Published January 14, 2015
In response to flaws exposed by an embarrassing nuclear weapons error last August, the Air Force will change the way bomber crews organize for their nuclear training mission, the top Air Force general said Thursday.
Gen. Michael Moseley, the Air Force chief of staff, told reporters that B-52 crews assigned to training for the nuclear attack mission will do that exclusively for at least six months at a time, rather than switching regularly between training for nuclear and non-nuclear missions.
He said the exclusively nuclear training might be as long as 12 months. That detail has not yet been decided.

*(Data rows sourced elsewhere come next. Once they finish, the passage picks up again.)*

lemma nn_integral_norm_gradient_step_le:
  "(\<integral>\<^sup>+\<xi>. ennreal ((norm (G (u - \<gamma> *\<^sub>R g \<xi> u z)))\<^sup>2) \<partial>D)
    \<le> ennreal ((norm (G u))\<^sup>2 + \<gamma> * L * \<sigma>\<^sup>2)"
proof -
  have "(\<integral>\<^sup>+\<xi>. ennreal ((norm (G (u - \<gamma> *\<^sub>R g \<xi> u z)))\<^sup>2) \<partial>D)
      \<le> (\<integral>\<^sup>+\<xi>. ennreal ((norm (G u))\<^sup>2) + ennreal (\<gamma> * L) * ennreal ((norm (g \<xi> u z - G u))\<^sup>2) \<partial>D)"
  proof (rule nn_integral_mono)
    fix \<xi>
    have "ennreal ((norm (G (u - \<gamma> *\<^sub>R g \<xi> u z)))\<^sup>2)
        \<le> ennreal ((norm (G u))\<^sup>2 + \<gamma> * L * (norm (g \<xi> u z - G u))\<^sup>2)"
      using norm_gradient_step_le[OF step_pos step_le] by (rule ennreal_leI)
    then show "ennreal ((norm (G (u - \<gamma> *\<^sub>R g \<xi> u z)))\<^sup>2)
        \<le> ennreal ((norm (G u))\<^sup>2) + ennreal (\<gamma> * L) * ennreal ((norm (g \<xi> u z - G u))\<^sup>2)"
      using step_pos L_pos by (simp add: ennreal_plus ennreal_mult)
  qed
  also have "\<dots> = ennreal ((norm (G u))\<^sup>2)
      + ennreal (\<gamma> * L) * (\<integral>\<^sup>+\<xi>. ennreal ((norm (g \<xi> u z - G u))\<^sup>2) \<partial>D)"
    using oracle_integrable[of u, THEN borel_measurable_integrable]
    by (simp add: nn_integral_add nn_integral_cmult D.emeasure_space_1)
  also have "\<dots> \<le> ennreal ((norm (G u))\<^sup>2 + \<gamma> * L * \<sigma>\<^sup>2)"
    using oracle_variance[of u] step_pos L_pos
    by (simp add: ennreal_plus ennreal_mult mult_left_mono add_left_mono)
  finally show ?thesis .
qed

The idea is to improve B-52 crews' focus on the stringent safeguards built into the nuclear mission, thereby avoiding a repeat of the startling missteps of last August when a B-52 was mistakenly armed with six nuclear-tipped cruise missiles and flown from Minot Air Force Base, N.D., to Barksdale Air Force Base, La. At the time, the pilot and crew were unaware they had nuclear arms aboard.
The error was considered so grave that President Bush was quickly informed.

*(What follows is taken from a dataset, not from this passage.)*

(* Let ${}^*\mathbb{Q}$ be a field elementarily equivalent to $\mathbb{Q}$ (in the ring language), with ${}^*\mathbb{Z}$, ${}^*\mathbb{N}$, $\mathcal{P}({}^*\mathbb{N})$, the maps $d_p$ and the order $<$ as described in the context. For $a_0,a_1\in{}^*\mathbb{Q}\setminus\{0\}$, we have $a_0=a_1$ if and only if $d_p(a_0)=d_p(a_1)$ for all $p\in\mathcal{P}({}^*\mathbb{N})$ and $a_0a_1>0$. Equivalently, the map ${}^*\mathbb{Q}\setminus\{0\}\to\prod_{p\in\mathcal{P}({}^*\mathbb{N})}p^{{}^*\mathbb{Z}}\times\{\pm1\}$, $a\mapsto((d_p(a))_p,\operatorname{sgn}(a))$, is an injective group homomorphism, where $\operatorname{sgn}(a)=1$ if $a>0$ and $-1$ if $a<0$.
   Context: Fix a first-order formula $Z(x)$ in the ring language defining $\mathbb{Z}$ in $\mathbb{Q}$ (such exists by J. Robinson). Let ${}^*\mathbb{Z}=Z({}^*\mathbb{Q})$ and let ${}^*\mathbb{N}$ be the set of elements of ${}^*\mathbb{Q}$ that are sums of four squares of elements of ${}^*\mathbb{Z}$. For $x,y\in{}^*\mathbb{Z}$, $x\mid y$ means $y=zx$ for some $z\in{}^*\mathbb{Z}$, $z\neq0$. $\mathcal{P}({}^*\mathbb{N})$ is the set of $p\in{}^*\mathbb{N}$, $p\ne1$, whose only divisors in ${}^*\mathbb{Z}$ are $\pm1,\pm p$. For such $p$, $p^{{}^*\mathbb{N}}$ is the set of $y\in{}^*\mathbb{N}$ such that $y=1$ or every $z\in{}^*\mathbb{N}$, $z\neq\pm1$, with $z\mid y$ satisfies $p\mid z$; and $p^{{}^*\mathbb{Z}}=p^{{}^*\mathbb{N}}\cup\{1/x:x\in p^{{}^*\mathbb{N}}\}$, a group under multiplication. For $x\in{}^*\mathbb{Z}\setminus\{0\}$, $d_p(x)$ is the unique $y\in p^{{}^*\mathbb{N}}$ with $y\mid x$ and $py\nmid x$; it is extended to ${}^*\mathbb{Q}\setminus\{0\}$ by $d_p(a/b)=d_p(a)/d_p(b)$ for $a,b\in{}^*\mathbb{Z}\setminus\{0\}$. The order on ${}^*\mathbb{Q}$: for $a_1,a_2\in{}^*\mathbb{Z}$ and $b_1,b_2\in{}^*\mathbb{N}\setminus\{0\}$, $a_1/b_1<a_2/b_2$ iff $a_2b_1-a_1b_2\in{}^*\mathbb{N}$ (and they are distinct). *)

theory Defs
  imports Complex_Main
begin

The Air Force has already taken numerous other steps to improve the nuclear training operations. Moseley said those were in response to recommendations by two panels that closely examined the August incident, which top Air Force leaders said afterward was an "unacceptable mistake."
When the results of the Air Force's own investigation were announced last October, Maj. Gen. Richard Newton, the Air Force deputy chief of staff for operations, attributed the episode to an "unprecedented string of procedural errors" beginning with a failure by airmen to conduct a required inspection of the missiles before they were loaded aboard the B-52 bomber that flew from Minot.